# Sigh.



## JimS (Aug 18, 2015)

Nothing like picking up passengers from the airport, loading the bags into my trunk, driving them safely 20 miles to their hotel, engaging in useful local information and conversation, unloading their bags onto the bell cart and watching them give the bell hop a $5 bill as they thank me for a nice ride and wave buh bye.


----------



## Sebikun20 (Jul 25, 2015)

They think drivers make the advertised $35/hr or whatever


----------



## DocT (Jul 16, 2015)

The same in reverse, from hotel to airport. "Buh bye!"


----------



## Lord Summerisle (Aug 15, 2015)

I once had a pax boast about the huge tips she gave drivers who come pick her up all the way out in Malibu. When we got to the destination, she left me hanging in the wind...


----------



## Ziggy (Feb 27, 2015)

or the guys who thank you for rolling all the way out to the strip club to pick them up at 3AM ... watch them flirt with the strippers for 15 minutes, while they tell you "just a few more minutes" (hoping you wont cancel on them). Then they jump in the car and brag about the fact that they spent $2,800 on lap dances in the Champagne room in 3 hours ... you get them home nice and safe ... "Buh bye" ... no wonder you guys have a 4.3 pax rating


----------



## fwtexguy (Sep 28, 2015)

Had a guy tell me that he tips every driver he has ever had and how important it was to tip then got out of my car and slammed the door without giving me a cent. See if i pick his drunk a#[email protected] up at 3am again. Guess what his rating was


----------



## Huberis (Mar 15, 2015)

Ziggy said:


> or the guys who thank you for rolling all the way out to the strip club to pick them up at 3AM ... watch them flirt with the strippers for 15 minutes, while they tell you "just a few more minutes" (hoping you wont cancel on them). Then they jump in the car and brag about the fact that they spent $2,800 on lap dances in the Champagne room in 3 hours ... you get them home nice and safe ... "Buh bye" ... no wonder you guys have a 4.3 pax rating


The only pax more obnoxious than the guys I take to a strip club, are those I take home from the strip club. I refuse to take pax to strip clubs if they aren't wearing their Umbro soccer shorts.


----------



## Ziggy (Feb 27, 2015)

Huberis said:


> The only pax more obnoxious than the guys I take to a strip club, are those I take home from the strip club


I took these guys to and from the strip club ... guess what I gave them after I dropped them home


----------



## Huberis (Mar 15, 2015)

Ziggy said:


> I took these guys to and from the strip club ... guess what I gave them after I dropped them home


A $2,800 lap dance in five minutes time.


----------



## jrboy (Sep 14, 2015)

JimS said:


> Nothing like picking up passengers from the airport, loading the bags into my trunk, driving them safely 20 miles to their hotel, engaging in useful local information and conversation, unloading their bags onto the bell cart and watching them give the bell hop a $5 bill as they thank me for a nice ride and wave buh bye.

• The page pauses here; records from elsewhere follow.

(* Let $N\geq 2$ and $k\geq 1$ be integers and let $|\psi_1\rangle,\dots,|\psi_N\rangle$ be linearly independent pure states, each with prior probability $1/N$. For each function $\sigma:\{1,\dots,k\}\to\{1,\dots,N\}$ let $|\psi_\sigma\rangle=|\psi_{\sigma(1)}\rangle\otimes\cdots\otimes|\psi_{\sigma(k)}\rangle$, with prior probability $1/N^k$. Let $p$ be the optimum probability of unambiguous discrimination among the states $|\psi_1\rangle,\dots,|\psi_N\rangle$, and $p_{N,k}$ the optimum probability of unambiguous discrimination among the $N^k$ states $|\psi_\sigma\rangle$. Then $p_{N,k}\geq p^k$.
   Context: Unambiguous discrimination of states $|\chi_1\rangle,\dots,|\chi_M\rangle$ with prior probabilities $\eta_1,\dots,\eta_M$: a POVM $\{E_1,\dots,E_M,E_?\}$ such that $\langle\chi_j|E_i|\chi_j\rangle=0$ for all $i\neq j$, with $E_?$ the inconclusive outcome. Its success probability is $\sum_i\eta_i\langle\chi_i|E_i|\chi_i\rangle$, and the optimum probability of unambiguous discrimination is the supremum of this over all such POVMs. *)

theory Defs
  imports Complex_Main "HOL-Library.FuncSet"
begin

text \<open>Finite-dimensional Hilbert space with orthonormal basis indexed by a finite set I;
  vectors are functions I -> complex, operators are matrices I x I -> complex.\<close>

definition qform :: "'a set \<Rightarrow> ('a \<Rightarrow> 'a \<Rightarrow> complex) \<Rightarrow> ('a \<Rightarrow> complex) \<Rightarrow> complex" where
  "qform I E v = (\<Sum>i\<in>I. \<Sum>j\<in>I. cnj (v i) * E i j * v j)"

definition psd :: "'a set \<Rightarrow> ('a \<Rightarrow> 'a \<Rightarrow> complex) \<Rightarrow> bool" where
  "psd I E = (\<forall>v. qform I E v \<in> \<real> \<and> 0 \<le> Re (qform I E v))"

definition vnorm2 :: "'a set \<Rightarrow> ('a \<Rightarrow> complex) \<Rightarrow> real" where
  "vnorm2 I v = (\<Sum>i\<in>I. (cmod (v i))\<^sup>2)"

definition lin_indep :: "'a set \<Rightarrow> 'm set \<Rightarrow> ('m \<Rightarrow> 'a \<Rightarrow> complex) \<Rightarrow> bool" where
  "lin_indep I M chi = (\<forall>c. (\<forall>x\<in>I. (\<Sum>m\<in>M. c m * chi m x) = 0) \<longrightarrow> (\<forall>m\<in>M. c m = 0))"

text \<open>POVM {E_m (m in M), E0} (E0 the inconclusive outcome) unambiguously discriminating chi.\<close>
definition unamb_povm :: "'a set \<Rightarrow> 'm set \<Rightarrow> ('m \<Rightarrow> 'a \<Rightarrow> complex)
    \<Rightarrow> ('m \<Rightarrow> 'a \<Rightarrow> 'a \<Rightarrow> complex) \<Rightarrow> ('a \<Rightarrow> 'a \<Rightarrow> complex) \<Rightarrow> bool" where
  "unamb_povm I M chi E E0 =
     ((\<forall>m\<in>M. psd I (E m)) \<and> psd I E0 \<and>
      (\<forall>i\<in>I. \<forall>j\<in>I. (\<Sum>m\<in>M. E m i j) + E0 i j = (if i = j then 1 else 0)) \<and>
      (\<forall>m\<in>M. \<forall>m'\<in>M. m \<noteq> m' \<longrightarrow> qform I (E m) (chi m') = 0))"

definition success_prob :: "'a set \<Rightarrow> 'm set \<Rightarrow> ('m \<Rightarrow> real) \<Rightarrow> ('m \<Rightarrow> 'a \<Rightarrow> complex)
    \<Rightarrow> ('m \<Rightarrow> 'a \<Rightarrow> 'a \<Rightarrow> complex) \<Rightarrow> real" where
  "success_prob I M eta chi E = (\<Sum>m\<in>M. eta m * Re (qform I (E m) (chi m)))"

definition opt_unamb :: "'a set \<Rightarrow> 'm set \<Rightarrow> ('m \<Rightarrow> real) \<Rightarrow> ('m \<Rightarrow> 'a \<Rightarrow> complex) \<Rightarrow> real" where
  "opt_unamb I M eta chi =
     Sup {success_prob I M eta chi E | E. \<exists>E0. unamb_povm I M chi E E0}"

text \<open>k-fold tensor product psi_sigma(1) x ... x psi_sigma(k); basis of the product space
  indexed by functions f : {1..k} -> I (extensional).\<close>
definition tensor_state :: "nat \<Rightarrow> (nat \<Rightarrow> 'a \<Rightarrow> complex) \<Rightarrow> (nat \<Rightarrow> nat) \<Rightarrow> (nat \<Rightarrow> 'a) \<Rightarrow> complex" where
  "tensor_state k psi sigma f = (\<Prod>j\<in>{1..k}. psi (sigma j) (f j))"

end

theory Submission
  imports Defs
begin

text \<open>
  An unambiguous POVM for the single states gives one for the product states by taking tensor
  products: the product outcome \<open>\<sigma>\<close> gets \<open>E\<^bsub>\<sigma>(1)\<^esub> \<otimes> \<dots> \<otimes> E\<^bsub>\<sigma>(k)\<^esub>\<close>, and every
  product term containing at least one inconclusive factor is inconclusive. Tensor products of
  positive operators are positive (write each factor as a Gram matrix), the expectation value of a
  tensor product operator in a product state factorises, so unambiguity is inherited and the
  success probability with the product prior is the \<open>k\<close>-th power of the single-copy one.
\<close>

section \<open>Positive semidefinite matrices\<close>

lemma qform_restrict_support:
  assumes "finite J" "S \<subseteq> J" "\<forall>x\<in>J - S. v x = 0"
  shows "qform J A v = qform S A v"
proof -
  have "qform J A v = (\<Sum>i\<in>J. \<Sum>j\<in>S. cnj (v i) * A i j * v j)"
    unfolding qform_def
    by (intro sum.cong refl sum.mono_neutral_right) (use assms in auto)
  also have "\<dots> = qform S A v"
    unfolding qform_def by (rule sum.mono_neutral_right) (use assms in auto)
  finally show ?thesis .
qed

lemma qform_cong:
  assumes "\<forall>i\<in>I. \<forall>j\<in>I. A i j = B i j"
  shows "qform I A v = qform I B v"
  unfolding qform_def using assms by simp

lemma qform_sum:
  "qform I (\<lambda>i j. \<Sum>s\<in>S. B s i j) v = (\<Sum>s\<in>S. qform I (B s) v)"
  unfolding qform_def
  by (simp add: sum_distrib_left sum_distrib_right sum.swap[of _ S])

lemma qform_id:
  assumes "finite I"
  shows "qform I (\<lambda>i j. if i = j then 1 else 0) v = of_real (vnorm2 I v)"
proof -
  have "qform I (\<lambda>i j. if i = j then 1 else 0) v = (\<Sum>i\<in>I. cnj (v i) * v i)"
    unfolding qform_def
    by (intro sum.cong refl) (simp add: if_distrib if_distribR sum.delta' assms cong: if_cong)
  also have "\<dots> = of_real (vnorm2 I v)"
    unfolding vnorm2_def of_real_sum by (simp only: complex_norm_square mult.commute)
  finally show ?thesis .
qed

lemma psd_zero: "psd I (\<lambda>i j. 0)"
  unfolding psd_def qform_def by simp

lemma psd_id: "finite I \<Longrightarrow> psd I (\<lambda>i j. if i = j then 1 else 0)"
  unfolding psd_def qform_id vnorm2_def by (simp add: sum_nonneg)

lemma psd_sum:
  assumes "\<forall>s\<in>S. psd I (B s)"
  shows "psd I (\<lambda>i j. \<Sum>s\<in>S. B s i j)"
  using assms unfolding psd_def qform_sum by (simp add: sum_in_Reals Re_sum sum_nonneg)

lemma psd_diagonal:
  assumes "psd J A" "finite J" "i \<in> J"
  shows "A i i \<in> \<real> \<and> 0 \<le> Re (A i i)"
proof -
  define v where "v = (\<lambda>x. if x = i then 1 else 0 :: complex)"
  have "qform J A v = qform {i} A v"
    by (rule qform_restrict_support) (use assms in \<open>auto simp: v_def\<close>)
  also have "\<dots> = A i i" by (simp add: qform_def v_def)
  finally show ?thesis using assms(1) unfolding psd_def by metis
qed

lemma psd_hermitian:
  assumes "psd J A" "finite J" "i \<in> J" "j \<in> J"
  shows "A j i = cnj (A i j)"
proof (cases "i = j")
  case True
  then show ?thesis using psd_diagonal[OF assms(1-3)] by (simp add: Reals_cnj_iff)
next
  case False
  define v1 where "v1 = (\<lambda>x. if x = i then 1 else if x = j then 1 else 0 :: complex)"
  define v2 where "v2 = (\<lambda>x. if x = i then 1 else if x = j then \<i> else 0 :: complex)"
  have "qform J A v1 = qform {i, j} A v1"
    by (rule qform_restrict_support) (use assms in \<open>auto simp: v1_def\<close>)
  also have "\<dots> = A i i + A i j + A j i + A j j"
    using False by (simp add: qform_def v1_def)
  finally have real1: "A i i + A i j + A j i + A j j \<in> \<real>"
    using assms(1) unfolding psd_def by metis
  have "qform J A v2 = qform {i, j} A v2"
    by (rule qform_restrict_support) (use assms in \<open>auto simp: v2_def\<close>)
  also have "\<dots> = A i i + \<i> * A i j - \<i> * A j i + A j j"
  proof -
    have "\<And>x. - (\<i> * x * \<i>) = x" by (simp add: complex_eq_iff)
    then show ?thesis using False by (simp add: qform_def v2_def)
  qed
  finally have real2: "A i i + \<i> * A i j - \<i> * A j i + A j j \<in> \<real>"
    using assms(1) unfolding psd_def by metis
  have "A i i \<in> \<real>" "A j j \<in> \<real>"
    using psd_diagonal[OF assms(1,2,3)] psd_diagonal[OF assms(1,2,4)] by auto
  with real1 real2 have "Im (A i j) + Im (A j i) = 0" "Re (A i j) - Re (A j i) = 0"
    by (simp_all add: complex_is_Real_iff)
  then show ?thesis by (simp add: complex_eq_iff)
qed

lemma psd_zero_diagonal_row:
  assumes "psd J A" "finite J" "a \<in> J" "j \<in> J" "A a a = 0"
  shows "A a j = 0"
proof (rule ccontr)
  assume "A a j \<noteq> 0"
  define z where "z = A a j"
  define s where "s = (Re (A j j) + 1) / (2 * (cmod z)\<^sup>2)"
  define v where "v = (\<lambda>x. if x = a then - of_real s * z else if x = j then 1 else 0 :: complex)"
  have "j \<noteq> a" using \<open>A a j \<noteq> 0\<close> assms(5) by auto
  have z_pos: "(cmod z)\<^sup>2 > 0" using \<open>A a j \<noteq> 0\<close> z_def by simp
  have zz: "cnj z * z = of_real ((cmod z)\<^sup>2)" by (simp only: complex_norm_square mult.commute)
  have "A j a = cnj z" unfolding z_def by (rule psd_hermitian[OF assms(1-4)])
  then have "qform J A v = - of_real s * (cnj z * z) - of_real s * (cnj z * z) + A j j"
    using \<open>j \<noteq> a\<close> assms(2-5)
    by (subst qform_restrict_support[of J "{a, j}"]) (auto simp: qform_def v_def z_def)
  also have "\<dots> = - (of_real (Re (A j j) + 1)) + A j j"
    unfolding zz s_def using z_pos by (simp add: field_simps)
  finally have "Re (qform J A v) = -1" by simp
  then show False using assms(1) unfolding psd_def by (metis neg_0_le_iff_le not_one_le_zero)
qed

lemma psd_schur_complement:
  assumes P: "psd (insert a I) A" and fin: "finite I" and a: "a \<notin> I"
  shows "psd I (\<lambda>i j. A i j - A i a * A a j / A a a)"
  unfolding psd_def
proof
  fix v
  define \<alpha> where "\<alpha> = A a a"
  define s where "s = (\<Sum>j\<in>I. A a j * v j)"
  define t where "t = (\<Sum>i\<in>I. cnj (v i) * A i a)"
  define c where "c = - s / \<alpha>"
  define v' where "v' = (\<lambda>x. if x = a then c else v x)"
  define Q where "Q = (\<Sum>i\<in>I. \<Sum>j\<in>I. cnj (v i) * A i j * v j)"
  have \<alpha>_real: "cnj \<alpha> = \<alpha>"
    using psd_diagonal[OF P] fin unfolding \<alpha>_def by (simp add: Reals_cnj_iff)
  have v'_I: "\<And>x. x \<in> I \<Longrightarrow> v' x = v x" and v'_a: "v' a = c"
    using a unfolding v'_def by auto
  have inner: "\<And>i. (\<Sum>j\<in>insert a I. cnj (v' i) * A i j * v' j)
      = cnj (v' i) * A i a * c + (\<Sum>j\<in>I. cnj (v' i) * A i j * v j)"
    using fin a v'_I v'_a by simp
  have "qform (insert a I) A v' = cnj c * \<alpha> * c + (\<Sum>j\<in>I. cnj c * A a j * v j)
      + (\<Sum>i\<in>I. cnj (v i) * A i a * c + (\<Sum>j\<in>I. cnj (v i) * A i j * v j))"
    unfolding qform_def inner using fin a v'_I v'_a by (simp add: \<alpha>_def)
  also have "\<dots> = cnj c * \<alpha> * c + cnj c * s + t * c + Q"
    unfolding s_def t_def Q_def
    by (simp add: sum.distrib sum_distrib_left sum_distrib_right mult.assoc)
  also have "cnj c * \<alpha> * c + cnj c * s + t * c = - (t * s / \<alpha>)"
  proof (cases "\<alpha> = 0")
    case False
    have "cnj c = - cnj s / \<alpha>" unfolding c_def using \<alpha>_real by simp
    then show ?thesis unfolding c_def using False by (simp add: field_simps)
  qed (simp add: c_def)
  also have "- (t * s / \<alpha>) + Q = Q - (\<Sum>i\<in>I. \<Sum>j\<in>I. cnj (v i) * A i a * (A a j * v j)) / \<alpha>"
    unfolding t_def s_def by (simp add: sum_product)
  also have "\<dots> = qform I (\<lambda>i j. A i j - A i a * A a j / A a a) v"
    unfolding qform_def Q_def \<alpha>_def
    by (simp add: sum_subtractf sum_divide_distrib ring_distribs mult.assoc)
  finally show "qform I (\<lambda>i j. A i j - A i a * A a j / A a a) v \<in> \<real> \<and>
      0 \<le> Re (qform I (\<lambda>i j. A i j - A i a * A a j / A a a) v)"
    using P unfolding psd_def by metis
qed

lemma psd_gram:
  assumes "finite I" "\<forall>i\<in>I. \<forall>j\<in>I. A i j = (\<Sum>r\<in>R. w r i * cnj (w r j))"
  shows "psd I A"
  unfolding psd_def
proof
  fix v
  define z where "z = (\<lambda>r. \<Sum>i\<in>I. cnj (v i) * w r i)"
  have "qform I A v = (\<Sum>i\<in>I. \<Sum>j\<in>I. \<Sum>r\<in>R. cnj (v i) * w r i * (cnj (w r j) * v j))"
    unfolding qform_def using assms(2)
    by (intro sum.cong refl) (simp add: sum_distrib_left sum_distrib_right algebra_simps)
  also have "\<dots> = (\<Sum>r\<in>R. \<Sum>i\<in>I. \<Sum>j\<in>I. cnj (v i) * w r i * (cnj (w r j) * v j))"
    by (subst sum.swap, rule sum.cong[OF refl], rule sum.swap)
  also have "\<dots> = (\<Sum>r\<in>R. z r * cnj (z r))"
    unfolding z_def cnj_sum sum_product by (simp add: ac_simps)
  also have "\<dots> = of_real (\<Sum>r\<in>R. (cmod (z r))\<^sup>2)"
    by (simp only: of_real_sum complex_norm_square)
  finally show "qform I A v \<in> \<real> \<and> 0 \<le> Re (qform I A v)"
    by (simp add: sum_nonneg)
qed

it's time we take a stand and demand that uber stop telling pax to not tip us for our service. on Oct 16th at 5 pm uber will hear our collective voice. i'm 100% in on the strike.


----------



## Skinny1 (Sep 24, 2015)

Need to stop taking it personal they have programmed that its not required. Sucks, I get a bit pissed too only because we don't make much and it would be so helpful to morale.


----------



## William1964 (Jul 28, 2015)

Huberis said:


> A $2,800 lap dance in five minutes time.


For $2,800 the guy could have had a three way party for an hour in Pahrump Nevada at Sheri's Ranch. I also would have had some money left over to tip them


----------



## driverguy77 (Oct 14, 2015)

I suppose you could have said no to putting their bags in your trunk, (I hadn't thought of that until now- putting their stuff in my car) your a ride share driver, not a porter, though, yes they could bad-rate you.


----------



## 1LIFE (Aug 24, 2015)

Pax see their $5.08 bill and think that's how much the driver earned for that trip. 

Very deceptive.

$5.08 - 1.65 SRF - 0.10 county fee = $3.33 - $0.67 20% = $2.66 driver earnings


----------